(The records begins)
theorem mainTheorem6:
  fixes \<alpha> :: "nat \<Rightarrow> 'a::{finite,field}"
    and m s d :: nat
  assumes "m \<ge> 1" and "s \<ge> 1" and "d < s * CARD('a)"
    and "bij_betw \<alpha> {0..<CARD('a)} (UNIV :: 'a set)"
  shows "bij_betw (\<lambda>w. restrict w (infoset CARD('a) m s d \<alpha>)) (multcode m s d)
           (infoset CARD('a) m s d \<alpha> \<rightarrow>\<^sub>E (UNIV :: 'a set))
         \<and> card (infoset CARD('a) m s d \<alpha>) = (m + d) choose m"
proof -
  let ?I = "infoset CARD('a) m s d \<alpha>"
  let ?C = "multcode m s d :: ((nat list \<times> 'a list) \<Rightarrow> 'a) set"
  let ?restrict = "\<lambda>w. restrict w ?I"
  have inj: "inj_on \<alpha> {0..<CARD('a)}"
    using assms(4) by (rule bij_betw_imp_inj_on)
  have card_I: "card ?I = card (degmonos m d)"
    using assms(3) inj by (intro card_infoset) simp_all
  have onto: "?restrict ` ?C = ?I \<rightarrow>\<^sub>E UNIV"
    using inj assms(3) by (rule restrict_multcode_eq_PiE)
  have "card (?I \<rightarrow>\<^sub>E (UNIV :: 'a set)) = CARD('a) ^ card (degmonos m d)"
    using assms(3) card_I by (simp add: card_PiE finite_infoset)
  with card_multcode_le onto have "card ?C \<le> card (?restrict ` ?C)"
    by metis
  moreover have "finite ?C"
    by (rule finite_multcode)
  ultimately have "inj_on ?restrict ?C"
    by (intro eq_card_imp_inj_on) (simp_all add: antisym card_image_le)
  with onto card_I card_degmonos[OF assms(1)] show ?thesis
    by (simp add: bij_betw_def)
qed

end
lemma (in prob_space) nn_integral_exp_cqloglik_diff:
  assumes th: "thresholds B t" and \<sigma>: "0 < \<sigma>"
    and ind: "indep_var borel (\<lambda>\<omega>. Re (W \<omega>)) borel (\<lambda>\<omega>. Im (W \<omega>))"
    and Re: "distributed M lborel (\<lambda>\<omega>. Re (W \<omega>)) (normal_density 0 \<sigma>)"
    and Im: "distributed M lborel (\<lambda>\<omega>. Im (W \<omega>)) (normal_density 0 \<sigma>)"
  shows "(\<integral>\<^sup>+\<omega>. ennreal (exp (cqloglik B t \<sigma> (s + W \<omega>) s' - cqloglik B t \<sigma> (s + W \<omega>) s)) \<partial>M) = 1"
proof -
  define E1 where "E1 x = exp (qloglik B t \<sigma> (Re s + x) (Re s') - qloglik B t \<sigma> (Re s + x) (Re s))"
    for x
  define E2 where "E2 x = exp (qloglik B t \<sigma> (Im s + x) (Im s') - qloglik B t \<sigma> (Im s + x) (Im s))"
    for x
  have [measurable]: "E1 \<in> borel_measurable borel" "E2 \<in> borel_measurable borel"
    unfolding E1_def E2_def using th by measurable
  have [measurable]: "(\<lambda>\<omega>. Im (W \<omega>)) \<in> borel_measurable M"
    using ind by (auto dest: indep_var_rv2)
  have "distributed M lborel (\<lambda>\<omega>. Re s + Re (W \<omega>)) (normal_density (Re s) \<sigma>)"
    using normal_density_affine[OF Re \<sigma>, of 1 "Re s"] by simp
  then have E1_mean: "(\<integral>\<^sup>+\<omega>. ennreal (E1 (Re (W \<omega>))) \<partial>M) = 1"
    unfolding E1_def by (rule nn_integral_exp_qloglik_diff[OF th \<sigma>])
  have "distributed M lborel (\<lambda>\<omega>. Im s + Im (W \<omega>)) (normal_density (Im s) \<sigma>)"
    using normal_density_affine[OF Im \<sigma>, of 1 "Im s"] by simp
  then have E2_mean: "(\<integral>\<^sup>+\<omega>. ennreal (E2 (Im (W \<omega>))) \<partial>M) = 1"
    unfolding E2_def by (rule nn_integral_exp_qloglik_diff[OF th \<sigma>])
  have "(\<integral>\<^sup>+\<omega>. ennreal (exp (cqloglik B t \<sigma> (s + W \<omega>) s' - cqloglik B t \<sigma> (s + W \<omega>) s)) \<partial>M) =
      (\<integral>\<^sup>+\<omega>. (\<lambda>(x, y). ennreal (E1 x) * ennreal (E2 y)) (Re (W \<omega>), Im (W \<omega>)) \<partial>M)"
    by (simp add: cqloglik_def E1_def E2_def exp_add[symmetric] ennreal_mult[symmetric]
        algebra_simps)
  also have "\<dots> = (\<integral>\<^sup>+\<omega>. (\<integral>\<^sup>+\<omega>'. ennreal (E1 (Re (W \<omega>))) * ennreal (E2 (Im (W \<omega>'))) \<partial>M) \<partial>M)"
    by (subst nn_integral_indep_var[OF ind]) simp_all
  also have "\<dots> = (\<integral>\<^sup>+\<omega>. ennreal (E1 (Re (W \<omega>))) \<partial>M)"
    by (simp add: nn_integral_cmult E2_mean)
  finally show ?thesis
    using E1_mean by simp
qed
(The records ends)
Exercise description.
Report each line of the material in which the string "intro" occurs.

Problem solution.
    using assms(3) inj by (intro card_infoset) simp_all
    by (intro eq_card_imp_inj_on) (simp_all add: antisym card_image_le)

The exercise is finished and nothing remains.